One day several years ago, my mother, then a resident of an assisted-living facility, didn't feel right. A licensed practical nurse checked her blood pressure and heart rate but found nothing wrong.

Fortunately, a registered nurse, who had more thorough training, recognized that my mother's pallor and breathing pattern suggested a serious problem related to congestive heart failure. She probably saved my mother's life.

At one time, all nurses received the same training. Now there are many types of nurses, and each represents a different level of training. Because nurses collectively are responsible for more direct patient care than any other type of health-care provider, it's important to know what the titles mean. Here's what I've learned over the years about each type of nurse…

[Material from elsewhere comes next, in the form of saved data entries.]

lemma sq_norm_rows_sgd_step_le:
  assumes \<alpha>: "0 < \<alpha>" "\<alpha> \<le> 1" and \<eta>: "0 \<le> \<eta>"
    and y: "y \<in> {-1, 1}" and x: "vnorm d x \<le> 1" and active: "\<not> y * net \<alpha> d k v W x \<ge> 1"
  shows "sq_norm_rows d k (sgd_step \<alpha> d k v \<eta> W (x, y)) \<le> sq_norm_rows d k W + 2 * \<eta> + 2 * real k * \<eta>\<^sup>2 * v\<^sup>2"
proof -
  let ?c = "\<lambda>j. row_sign k j * \<eta> * v * slope \<alpha> d (W j) x * y"
  have "sq_norm_rows d k (sgd_step \<alpha> d k v \<eta> W (x, y)) =
     (\<Sum>j<2*k. ip d (W j) (W j) + 2 * ?c j * ip d (W j) x + (?c j)\<^sup>2 * ip d x x)"
    unfolding sq_norm_rows_def
    by (intro sum.cong refl) (simp add: sgd_step_active_row[OF active] ip_add_scaled_self)
  also have "\<dots> = sq_norm_rows d k W + 2 * (\<Sum>j<2*k. ?c j * ip d (W j) x) + (\<Sum>j<2*k. (?c j)\<^sup>2 * ip d x x)"
    unfolding sq_norm_rows_def by (simp add: sum.distrib sum_distrib_left mult.assoc)
  also have "(\<Sum>j<2*k. ?c j * ip d (W j) x) = \<eta> * (y * net \<alpha> d k v W x)"
    unfolding net_eq_sum_rows sum_distrib_left
    by (intro sum.cong refl) (simp add: slope_mult_eq_leaky[symmetric] \<alpha>(2) algebra_simps)
  also have "(\<Sum>j<2*k. (?c j)\<^sup>2 * ip d x x) \<le> (\<Sum>j<2*k. \<eta>\<^sup>2 * v\<^sup>2)"
  proof (rule sum_mono)
    fix j
    have "(?c j)\<^sup>2 = \<eta>\<^sup>2 * v\<^sup>2 * (slope \<alpha> d (W j) x)\<^sup>2 * (row_sign k j * row_sign k j) * (y * y)"
      by (simp add: power2_eq_square algebra_simps)
    also have "\<dots> = \<eta>\<^sup>2 * v\<^sup>2 * (slope \<alpha> d (W j) x)\<^sup>2"
      using y by (auto simp: row_sign_square)
    finally have c: "(?c j)\<^sup>2 = \<eta>\<^sup>2 * v\<^sup>2 * (slope \<alpha> d (W j) x)\<^sup>2" .
    have "(slope \<alpha> d (W j) x)\<^sup>2 \<le> 1"
      using slope_bounds[OF \<alpha>, of d "W j" x] \<alpha> by (simp add: power_le_one)
    moreover have "ip d x x \<le> 1"
      using x vnorm_nonneg[of d x] by (simp add: vnorm_square[symmetric] power_le_one)
    ultimately have "(slope \<alpha> d (W j) x)\<^sup>2 * ip d x x \<le> 1"
      using ip_self_nonneg[of d x] by (simp add: mult_le_one)
    thus "(?c j)\<^sup>2 * ip d x x \<le> \<eta>\<^sup>2 * v\<^sup>2"
      unfolding c using mult_left_mono[of _ 1 "\<eta>\<^sup>2 * v\<^sup>2"] by (simp add: mult.assoc)
  qed
  finally have "sq_norm_rows d k (sgd_step \<alpha> d k v \<eta> W (x, y))
      \<le> sq_norm_rows d k W + 2 * (\<eta> * (y * net \<alpha> d k v W x)) + 2 * real k * \<eta>\<^sup>2 * v\<^sup>2"
    by simp
  moreover have "\<eta> * (y * net \<alpha> d k v W x) \<le> \<eta>"
    using active \<eta> mult_left_mono[of "y * net \<alpha> d k v W x" 1 \<eta>] by simp
  ultimately show ?thesis by linarith
qed

lemma abs_alignment_le: "\<bar>alignment d k W w\<bar> \<le> vnorm d w * sqrt (2 * real k) * sqrt (sq_norm_rows d k W)"
proof -
  have "\<bar>alignment d k W w\<bar> \<le> (\<Sum>j<2*k. 1 * vnorm d (W j)) * vnorm d w"
    unfolding alignment_def sum_distrib_right
    by (rule order_trans[OF sum_abs sum_mono]) (simp add: row_sign_def abs_ip_le_vnorm)
  also have "(\<Sum>j<2*k. 1 * vnorm d (W j)) \<le> sqrt (\<Sum>j<2*k. 1\<^sup>2) * sqrt (\<Sum>j<2*k. (vnorm d (W j))\<^sup>2)"
    using real_sqrt_le_mono[OF Cauchy_Schwarz_ineq_sum[of "\<lambda>_. 1" "\<lambda>j. vnorm d (W j)" "{..<2*k}"]]
    by (simp add: real_sqrt_mult)
  also have "(\<Sum>j<2*k. (vnorm d (W j))\<^sup>2) = sq_norm_rows d k W"
    unfolding sq_norm_rows_def vnorm_square ..
  finally show ?thesis
    using vnorm_nonneg[of d w] by (simp add: mult_right_mono mult.commute mult.left_commute)
qed

lemma sq_norm_rows_le_one:
  assumes "k \<ge> 1" and "\<forall>j < 2 * k. vnorm d (W j) \<le> 1 / sqrt (2 * real k)"
  shows "sq_norm_rows d k W \<le> 1"
proof -
  have "sq_norm_rows d k W = (\<Sum>j<2*k. (vnorm d (W j))\<^sup>2)"
    unfolding sq_norm_rows_def vnorm_square ..
  also have "\<dots> \<le> (\<Sum>j<2*k. (1 / sqrt (2 * real k))\<^sup>2)"
    using assms(2) vnorm_nonneg by (intro sum_mono power_mono) auto
  also have "\<dots> = 1" using assms(1) by (simp add: power_divide)
  finally show ?thesis .
qed

lemma card_lessThan_Suc_filter:
  "card {s. s < Suc t \<and> P s} = card {s. s < t \<and> P s} + (if P t then 1 else 0)"
proof -
  have "{s. s < Suc t \<and> P s} = {s. s < t \<and> P s} \<union> (if P t then {t} else {})"
    by (auto simp: less_Suc_eq)
  thus ?thesis by (auto simp: card_insert_if)
qed

lemma potential_le_card_updates:
  fixes X :: "nat \<Rightarrow> 'a" and \<Phi> :: "'a \<Rightarrow> real"
  assumes "\<And>t. P t \<Longrightarrow> \<Phi> (X (Suc t)) \<le> \<Phi> (X t) + c"
    and "\<And>t. \<not> P t \<Longrightarrow> X (Suc t) = X t"
  shows "\<Phi> (X t) \<le> \<Phi> (X 0) + real (card {s. s < t \<and> P s}) * c"
proof (induction t)
  case (Suc t)
  then show ?case
    using assms[of t] by (cases "P t") (auto simp: card_lessThan_Suc_filter algebra_simps)
qed simp

lemma sgd_Suc_inactive:
  "\<not> nonzero_update \<alpha> d k v \<eta> S idx W0 t \<Longrightarrow> sgd \<alpha> d k v \<eta> S idx W0 (Suc t) = sgd \<alpha> d k v \<eta> S idx W0 t"
  unfolding nonzero_update_def
  by (cases "S ! idx t") (simp add: sgd_step_inactive)

lemma sgd_Suc_active:
  assumes "nonzero_update \<alpha> d k v \<eta> S idx W0 t" and "S ! idx t = (x, y)"
  shows "\<not> y * net \<alpha> d k v (sgd \<alpha> d k v \<eta> S idx W0 t) x \<ge> 1"
    and "sgd \<alpha> d k v \<eta> S idx W0 (Suc t) = sgd_step \<alpha> d k v \<eta> (sgd \<alpha> d k v \<eta> S idx W0 t) (x, y)"
  using assms unfolding nonzero_update_def by simp_all

lemma alignment_sgd_ge:
  assumes \<alpha>: "0 < \<alpha>" "\<alpha> \<le> 1" and "0 \<le> \<eta>" "0 \<le> v"
    and margin: "\<forall>(x, y) \<in> set S. y * ip d w x \<ge> 1" and idx: "\<forall>t. idx t < length S"
  shows "alignment d k W0 w + real (card {s. s < t \<and> nonzero_update \<alpha> d k v \<eta> S idx W0 s}) * (2 * real k * \<eta> * v * \<alpha>)
    \<le> alignment d k (sgd \<alpha> d k v \<eta> S idx W0 t) w"
proof -
  have "- alignment d k (sgd \<alpha> d k v \<eta> S idx W0 t) w \<le> - alignment d k (sgd \<alpha> d k v \<eta> S idx W0 0) w
      + real (card {s. s < t \<and> nonzero_update \<alpha> d k v \<eta> S idx W0 s}) * - (2 * real k * \<eta> * v * \<alpha>)"
  proof (rule potential_le_card_updates[where \<Phi> = "\<lambda>W. - alignment d k W w"])
    fix s assume nz: "nonzero_update \<alpha> d k v \<eta> S idx W0 s"
    obtain x y where xy: "S ! idx s = (x, y)" by (cases "S ! idx s")
    have "y * ip d w x \<ge> 1" using margin nth_mem[OF idx[rule_format, of s]] xy by auto
    with assms sgd_Suc_active[OF nz xy]
    show "- alignment d k (sgd \<alpha> d k v \<eta> S idx W0 (Suc s)) w
        \<le> - alignment d k (sgd \<alpha> d k v \<eta> S idx W0 s) w + - (2 * real k * \<eta> * v * \<alpha>)"
      using alignment_sgd_step_ge[of \<alpha> \<eta> v y d w x k "sgd \<alpha> d k v \<eta> S idx W0 s"] by simp
  qed (rule sgd_Suc_inactive)
  thus ?thesis by simp
qed

lemma sq_norm_rows_sgd_le:
  assumes \<alpha>: "0 < \<alpha>" "\<alpha> \<le> 1" and "0 \<le> \<eta>"
    and examples: "\<forall>(x, y) \<in> set S. vnorm d x \<le> 1 \<and> y \<in> {-1, 1}" and idx: "\<forall>t. idx t < length S"
  shows "sq_norm_rows d k (sgd \<alpha> d k v \<eta> S idx W0 t)
    \<le> sq_norm_rows d k W0 + real (card {s. s < t \<and> nonzero_update \<alpha> d k v \<eta> S idx W0 s}) * (2 * \<eta> + 2 * real k * \<eta>\<^sup>2 * v\<^sup>2)"
proof -
  have "sq_norm_rows d k (sgd \<alpha> d k v \<eta> S idx W0 t) \<le> sq_norm_rows d k (sgd \<alpha> d k v \<eta> S idx W0 0)
      + real (card {s. s < t \<and> nonzero_update \<alpha> d k v \<eta> S idx W0 s}) * (2 * \<eta> + 2 * real k * \<eta>\<^sup>2 * v\<^sup>2)"
  proof (rule potential_le_card_updates[where \<Phi> = "sq_norm_rows d k"])
    fix s assume nz: "nonzero_update \<alpha> d k v \<eta> S idx W0 s"
    obtain x y where xy: "S ! idx s = (x, y)" by (cases "S ! idx s")
    have "vnorm d x \<le> 1" "y \<in> {-1, 1}" using examples nth_mem[OF idx[rule_format, of s]] xy by auto
    with assms sgd_Suc_active[OF nz xy]
    show "sq_norm_rows d k (sgd \<alpha> d k v \<eta> S idx W0 (Suc s))
        \<le> sq_norm_rows d k (sgd \<alpha> d k v \<eta> S idx W0 s) + (2 * \<eta> + 2 * real k * \<eta>\<^sup>2 * v\<^sup>2)"
      using sq_norm_rows_sgd_step_le[of \<alpha> \<eta> y d x k v "sgd \<alpha> d k v \<eta> S idx W0 s"] by simp
  qed (rule sgd_Suc_inactive)
  thus ?thesis by simp
qed

lemma separating_vnorm_ge_1:
  assumes "vnorm d x \<le> 1" and "y \<in> {-1, 1}" and "y * ip d w x \<ge> 1"
  shows "vnorm d w \<ge> 1"
proof -
  have "1 \<le> \<bar>ip d w x\<bar>" using assms(2,3) by (auto simp: abs_mult)
  also have "\<dots> \<le> vnorm d w * vnorm d x" by (rule abs_ip_le_vnorm)
  also have "\<dots> \<le> vnorm d w" using assms(1) vnorm_nonneg[of d w] by (simp add: mult_left_le)
  finally show ?thesis .
qed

  • Nurse assistants (NAs) help nurses perform their duties, such as taking blood pressure and changing bed pans. No formal training is required. Most NAs work in non-hospital settings, such as nursing homes or assisted-living facilities.
  • Licensed practical nurses (LPNs) must have a high school diploma and one year of additional training at an accredited hospital or community college program. LPNs work in hospitals, nursing homes, home care agencies and assisted-living facilities. They typically provide general care to patients, including changing bandages and monitoring catheters.
  • Registered nurses (RNS) must complete a two-year, community college RN program... a three-year, hospital-affiliated diploma program...or a four-year bachelor's degree program in nursing from an accredited university. They then must pass a state licensing examination.

Inside information: Studies show that the more RNs there are on a hospital staff, the better the care.

If you're hospitalized, make sure that, at a minimum, one RN is on your unit 24 hours a day.

Many RNs go on to become advanced practice nurses, requiring graduate-level educational courses at a university. Some of the most common types of advanced practice nurses...

  • Nurse practitioners (NPS) are highly trained RNs who are certified to handle some of the functions of an MD, such as diagnosing medical conditions and, in some states, prescribing medications. NPs, who often are employed by pediatricians and family doctors, treat less complicated problems, such as common viruses, ear infections and gynecological problems.
  • Certified registered nurse anesthetists (CRNAs) are RNs who have completed a two-year university program with extensive training in the administration and monitoring of anesthesia. They must pass a CRNA certification test.

Inside information: Although an anesthesiologist usually decides which anesthetic is used, it usually is administered by a CRNA. Ask to meet with either or both of them before the procedure.